→ **AIM OF THE EXERCISE**: Look through the records below for the line with "cycle \<Rightarrow> 'i cycle" and the line with "text \<open>p_a(D) = 1", then return those lines and all lines between, exactly.

→ **RECORDS FOR THIS EXERCISE**:
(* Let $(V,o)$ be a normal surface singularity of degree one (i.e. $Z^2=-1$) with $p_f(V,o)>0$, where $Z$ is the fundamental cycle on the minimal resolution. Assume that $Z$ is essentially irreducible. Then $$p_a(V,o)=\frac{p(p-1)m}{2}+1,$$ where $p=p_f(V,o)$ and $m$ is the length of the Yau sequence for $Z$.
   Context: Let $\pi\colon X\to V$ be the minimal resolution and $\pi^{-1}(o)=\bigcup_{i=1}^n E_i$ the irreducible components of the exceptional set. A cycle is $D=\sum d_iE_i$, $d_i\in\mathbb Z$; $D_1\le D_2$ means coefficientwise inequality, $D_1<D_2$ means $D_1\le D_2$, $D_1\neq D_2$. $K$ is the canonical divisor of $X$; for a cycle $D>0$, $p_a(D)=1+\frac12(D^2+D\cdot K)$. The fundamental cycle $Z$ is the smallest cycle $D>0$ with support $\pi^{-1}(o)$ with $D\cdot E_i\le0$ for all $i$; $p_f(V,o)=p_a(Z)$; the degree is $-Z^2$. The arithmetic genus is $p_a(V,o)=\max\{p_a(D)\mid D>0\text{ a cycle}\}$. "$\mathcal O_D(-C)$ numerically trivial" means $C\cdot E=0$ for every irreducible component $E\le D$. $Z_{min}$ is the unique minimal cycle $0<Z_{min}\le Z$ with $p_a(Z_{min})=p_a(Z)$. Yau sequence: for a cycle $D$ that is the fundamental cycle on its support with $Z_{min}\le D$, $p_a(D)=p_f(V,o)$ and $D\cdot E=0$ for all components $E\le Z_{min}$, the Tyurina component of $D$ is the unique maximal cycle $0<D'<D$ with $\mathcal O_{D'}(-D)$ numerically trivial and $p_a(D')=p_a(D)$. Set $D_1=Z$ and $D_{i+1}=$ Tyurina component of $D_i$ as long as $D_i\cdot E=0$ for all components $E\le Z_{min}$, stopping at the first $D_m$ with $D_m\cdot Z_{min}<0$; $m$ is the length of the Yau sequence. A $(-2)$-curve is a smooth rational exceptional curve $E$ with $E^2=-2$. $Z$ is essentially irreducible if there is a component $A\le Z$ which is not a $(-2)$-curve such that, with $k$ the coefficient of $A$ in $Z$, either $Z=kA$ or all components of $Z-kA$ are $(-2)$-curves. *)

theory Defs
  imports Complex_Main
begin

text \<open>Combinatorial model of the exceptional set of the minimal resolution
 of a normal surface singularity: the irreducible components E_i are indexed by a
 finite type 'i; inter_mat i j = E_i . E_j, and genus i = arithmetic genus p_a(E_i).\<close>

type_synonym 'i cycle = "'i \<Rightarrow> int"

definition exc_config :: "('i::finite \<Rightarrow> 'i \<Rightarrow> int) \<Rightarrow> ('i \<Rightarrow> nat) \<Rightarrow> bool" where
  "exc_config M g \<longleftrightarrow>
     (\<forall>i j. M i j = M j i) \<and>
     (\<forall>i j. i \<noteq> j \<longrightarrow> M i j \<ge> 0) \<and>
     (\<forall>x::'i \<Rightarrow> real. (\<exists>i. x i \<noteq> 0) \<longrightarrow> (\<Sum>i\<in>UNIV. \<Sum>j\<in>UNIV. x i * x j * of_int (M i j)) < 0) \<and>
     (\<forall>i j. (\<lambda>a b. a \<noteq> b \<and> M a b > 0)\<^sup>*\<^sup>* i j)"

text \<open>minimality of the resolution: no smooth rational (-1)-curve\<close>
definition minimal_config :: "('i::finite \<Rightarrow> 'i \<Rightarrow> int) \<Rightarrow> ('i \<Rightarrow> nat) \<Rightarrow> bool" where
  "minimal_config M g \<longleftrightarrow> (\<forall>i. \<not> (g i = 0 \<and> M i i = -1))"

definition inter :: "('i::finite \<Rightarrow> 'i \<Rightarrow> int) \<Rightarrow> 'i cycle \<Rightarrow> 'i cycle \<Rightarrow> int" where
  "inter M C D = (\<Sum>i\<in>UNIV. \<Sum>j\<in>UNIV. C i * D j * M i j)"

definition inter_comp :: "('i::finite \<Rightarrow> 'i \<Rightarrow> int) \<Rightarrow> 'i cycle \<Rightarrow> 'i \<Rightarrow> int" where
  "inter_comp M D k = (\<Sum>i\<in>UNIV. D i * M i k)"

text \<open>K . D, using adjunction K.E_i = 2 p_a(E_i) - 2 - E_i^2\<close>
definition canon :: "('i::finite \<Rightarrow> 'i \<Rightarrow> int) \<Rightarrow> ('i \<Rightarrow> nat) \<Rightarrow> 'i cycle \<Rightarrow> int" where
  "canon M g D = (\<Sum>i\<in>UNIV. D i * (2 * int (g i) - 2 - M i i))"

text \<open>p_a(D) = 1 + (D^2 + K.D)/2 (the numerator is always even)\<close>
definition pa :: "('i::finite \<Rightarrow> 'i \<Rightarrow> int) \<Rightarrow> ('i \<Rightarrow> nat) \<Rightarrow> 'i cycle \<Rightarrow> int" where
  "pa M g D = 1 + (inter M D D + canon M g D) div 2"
--
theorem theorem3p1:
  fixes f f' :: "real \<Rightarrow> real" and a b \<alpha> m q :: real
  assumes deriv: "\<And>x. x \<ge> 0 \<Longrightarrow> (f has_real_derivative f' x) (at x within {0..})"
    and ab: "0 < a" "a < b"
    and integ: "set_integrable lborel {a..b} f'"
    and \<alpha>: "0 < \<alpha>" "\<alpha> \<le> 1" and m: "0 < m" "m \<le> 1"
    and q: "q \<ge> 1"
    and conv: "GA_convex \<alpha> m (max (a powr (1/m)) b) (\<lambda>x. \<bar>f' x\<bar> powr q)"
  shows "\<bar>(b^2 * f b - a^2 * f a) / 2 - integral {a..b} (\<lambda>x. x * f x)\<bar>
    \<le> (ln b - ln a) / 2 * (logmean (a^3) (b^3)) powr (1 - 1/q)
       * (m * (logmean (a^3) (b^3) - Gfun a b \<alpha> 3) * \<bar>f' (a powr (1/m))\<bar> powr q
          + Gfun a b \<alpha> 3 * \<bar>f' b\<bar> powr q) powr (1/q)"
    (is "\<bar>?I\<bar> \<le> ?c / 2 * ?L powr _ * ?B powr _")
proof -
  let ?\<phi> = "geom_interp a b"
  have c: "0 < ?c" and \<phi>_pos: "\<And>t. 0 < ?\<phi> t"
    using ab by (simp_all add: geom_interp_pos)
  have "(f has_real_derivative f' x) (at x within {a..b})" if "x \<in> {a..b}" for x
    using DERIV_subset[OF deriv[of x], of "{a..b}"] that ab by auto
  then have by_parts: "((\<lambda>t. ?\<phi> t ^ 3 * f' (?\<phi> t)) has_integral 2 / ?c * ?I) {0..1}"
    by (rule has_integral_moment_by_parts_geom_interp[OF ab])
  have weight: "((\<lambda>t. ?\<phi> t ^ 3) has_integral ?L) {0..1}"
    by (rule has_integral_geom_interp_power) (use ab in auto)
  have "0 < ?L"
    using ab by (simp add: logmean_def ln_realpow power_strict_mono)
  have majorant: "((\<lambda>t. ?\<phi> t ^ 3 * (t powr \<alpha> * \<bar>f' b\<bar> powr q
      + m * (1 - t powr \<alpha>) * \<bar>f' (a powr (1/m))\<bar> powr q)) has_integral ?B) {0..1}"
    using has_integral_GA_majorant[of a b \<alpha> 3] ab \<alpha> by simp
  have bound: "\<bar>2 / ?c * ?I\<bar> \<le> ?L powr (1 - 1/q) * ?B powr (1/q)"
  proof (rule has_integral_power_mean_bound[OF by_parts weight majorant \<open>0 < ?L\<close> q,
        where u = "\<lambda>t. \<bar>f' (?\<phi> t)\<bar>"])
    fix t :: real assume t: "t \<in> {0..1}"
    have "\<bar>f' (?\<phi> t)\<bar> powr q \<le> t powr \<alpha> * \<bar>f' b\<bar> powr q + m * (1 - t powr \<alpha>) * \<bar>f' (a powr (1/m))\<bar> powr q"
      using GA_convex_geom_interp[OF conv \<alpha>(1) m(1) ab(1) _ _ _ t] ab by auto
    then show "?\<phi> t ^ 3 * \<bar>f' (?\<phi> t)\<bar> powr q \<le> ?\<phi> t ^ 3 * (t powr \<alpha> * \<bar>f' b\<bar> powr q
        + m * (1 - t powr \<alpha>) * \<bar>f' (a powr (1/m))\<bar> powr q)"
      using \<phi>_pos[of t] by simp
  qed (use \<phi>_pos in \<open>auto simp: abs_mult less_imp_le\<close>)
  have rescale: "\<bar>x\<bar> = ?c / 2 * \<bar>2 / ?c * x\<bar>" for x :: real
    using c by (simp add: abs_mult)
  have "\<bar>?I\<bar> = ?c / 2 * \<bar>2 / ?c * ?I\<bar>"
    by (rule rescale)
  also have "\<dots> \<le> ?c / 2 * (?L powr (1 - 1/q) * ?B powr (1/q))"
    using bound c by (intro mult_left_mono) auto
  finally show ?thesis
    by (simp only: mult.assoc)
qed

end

→ **OUTPUT OF THE EXERCISE**:
definition inter :: "('i::finite \<Rightarrow> 'i \<Rightarrow> int) \<Rightarrow> 'i cycle \<Rightarrow> 'i cycle \<Rightarrow> int" where
  "inter M C D = (\<Sum>i\<in>UNIV. \<Sum>j\<in>UNIV. C i * D j * M i j)"

definition inter_comp :: "('i::finite \<Rightarrow> 'i \<Rightarrow> int) \<Rightarrow> 'i cycle \<Rightarrow> 'i \<Rightarrow> int" where
  "inter_comp M D k = (\<Sum>i\<in>UNIV. D i * M i k)"

text \<open>K . D, using adjunction K.E_i = 2 p_a(E_i) - 2 - E_i^2\<close>
definition canon :: "('i::finite \<Rightarrow> 'i \<Rightarrow> int) \<Rightarrow> ('i \<Rightarrow> nat) \<Rightarrow> 'i cycle \<Rightarrow> int" where
  "canon M g D = (\<Sum>i\<in>UNIV. D i * (2 * int (g i) - 2 - M i i))"

text \<open>p_a(D) = 1 + (D^2 + K.D)/2 (the numerator is always even)\<close>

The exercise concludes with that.